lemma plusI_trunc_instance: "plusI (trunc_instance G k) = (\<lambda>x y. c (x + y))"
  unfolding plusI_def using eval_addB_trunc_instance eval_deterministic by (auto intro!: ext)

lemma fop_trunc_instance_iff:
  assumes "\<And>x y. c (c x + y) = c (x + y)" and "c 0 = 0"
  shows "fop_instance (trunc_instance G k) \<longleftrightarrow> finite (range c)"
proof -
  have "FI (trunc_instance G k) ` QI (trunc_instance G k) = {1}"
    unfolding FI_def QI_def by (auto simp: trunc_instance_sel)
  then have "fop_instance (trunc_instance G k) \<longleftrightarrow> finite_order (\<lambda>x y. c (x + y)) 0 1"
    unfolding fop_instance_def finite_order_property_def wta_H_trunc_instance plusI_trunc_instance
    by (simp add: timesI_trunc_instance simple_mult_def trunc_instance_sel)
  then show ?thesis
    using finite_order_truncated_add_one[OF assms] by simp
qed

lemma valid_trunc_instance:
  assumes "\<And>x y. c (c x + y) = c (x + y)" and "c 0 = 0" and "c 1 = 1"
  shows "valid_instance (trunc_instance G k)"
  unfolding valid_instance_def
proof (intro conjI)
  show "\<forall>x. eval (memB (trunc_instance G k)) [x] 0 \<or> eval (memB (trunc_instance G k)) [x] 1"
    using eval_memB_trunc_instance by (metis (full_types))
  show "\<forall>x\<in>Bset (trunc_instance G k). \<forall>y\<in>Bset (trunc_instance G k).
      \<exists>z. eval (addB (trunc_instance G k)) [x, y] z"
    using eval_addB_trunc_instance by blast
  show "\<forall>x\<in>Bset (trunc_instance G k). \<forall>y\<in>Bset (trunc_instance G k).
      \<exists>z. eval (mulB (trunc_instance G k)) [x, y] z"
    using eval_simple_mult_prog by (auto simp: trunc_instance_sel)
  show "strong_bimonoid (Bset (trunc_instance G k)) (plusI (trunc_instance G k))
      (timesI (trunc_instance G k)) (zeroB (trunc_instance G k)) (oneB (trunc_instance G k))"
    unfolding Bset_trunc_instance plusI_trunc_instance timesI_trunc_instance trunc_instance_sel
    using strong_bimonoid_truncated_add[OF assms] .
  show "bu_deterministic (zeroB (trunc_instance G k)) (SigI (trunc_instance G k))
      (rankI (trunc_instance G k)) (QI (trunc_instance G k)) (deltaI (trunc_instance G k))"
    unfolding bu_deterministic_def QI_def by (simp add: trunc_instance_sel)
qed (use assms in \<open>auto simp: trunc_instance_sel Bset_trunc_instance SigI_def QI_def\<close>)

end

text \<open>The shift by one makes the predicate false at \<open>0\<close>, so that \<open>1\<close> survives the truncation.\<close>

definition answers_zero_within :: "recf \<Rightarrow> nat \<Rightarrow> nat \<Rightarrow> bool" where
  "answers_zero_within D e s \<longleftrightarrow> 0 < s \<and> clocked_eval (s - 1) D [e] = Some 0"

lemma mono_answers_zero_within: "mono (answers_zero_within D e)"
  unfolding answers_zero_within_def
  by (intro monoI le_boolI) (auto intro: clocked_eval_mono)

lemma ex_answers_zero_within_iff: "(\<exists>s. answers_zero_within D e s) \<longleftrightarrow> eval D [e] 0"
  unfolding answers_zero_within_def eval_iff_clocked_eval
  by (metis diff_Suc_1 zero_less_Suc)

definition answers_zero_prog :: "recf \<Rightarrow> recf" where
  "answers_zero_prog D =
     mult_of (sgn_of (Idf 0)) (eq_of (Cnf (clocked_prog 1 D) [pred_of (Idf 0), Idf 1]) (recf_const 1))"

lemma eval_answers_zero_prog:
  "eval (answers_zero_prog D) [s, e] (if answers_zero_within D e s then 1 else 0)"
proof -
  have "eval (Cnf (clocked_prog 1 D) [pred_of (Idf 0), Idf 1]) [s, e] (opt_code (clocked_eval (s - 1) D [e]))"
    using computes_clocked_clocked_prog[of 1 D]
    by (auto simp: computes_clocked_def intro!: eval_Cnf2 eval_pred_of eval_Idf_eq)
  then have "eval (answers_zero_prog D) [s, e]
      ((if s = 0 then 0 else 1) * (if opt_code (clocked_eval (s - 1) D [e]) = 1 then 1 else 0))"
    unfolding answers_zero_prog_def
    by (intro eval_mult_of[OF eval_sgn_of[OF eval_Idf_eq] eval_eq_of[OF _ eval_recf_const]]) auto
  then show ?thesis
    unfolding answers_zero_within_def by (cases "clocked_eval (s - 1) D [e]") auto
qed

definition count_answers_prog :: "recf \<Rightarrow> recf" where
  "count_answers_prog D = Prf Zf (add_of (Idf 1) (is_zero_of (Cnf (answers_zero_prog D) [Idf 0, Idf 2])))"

### What this task involves:
Whenever the word "have" appears in a line of the listing, copy out that line.

### Reply:
  have "FI (trunc_instance G k) ` QI (trunc_instance G k) = {1}"
  then have "fop_instance (trunc_instance G k) \<longleftrightarrow> finite_order (\<lambda>x y. c (x + y)) 0 1"
  have "eval (Cnf (clocked_prog 1 D) [pred_of (Idf 0), Idf 1]) [s, e] (opt_code (clocked_eval (s - 1) D [e]))"
  then have "eval (answers_zero_prog D) [s, e]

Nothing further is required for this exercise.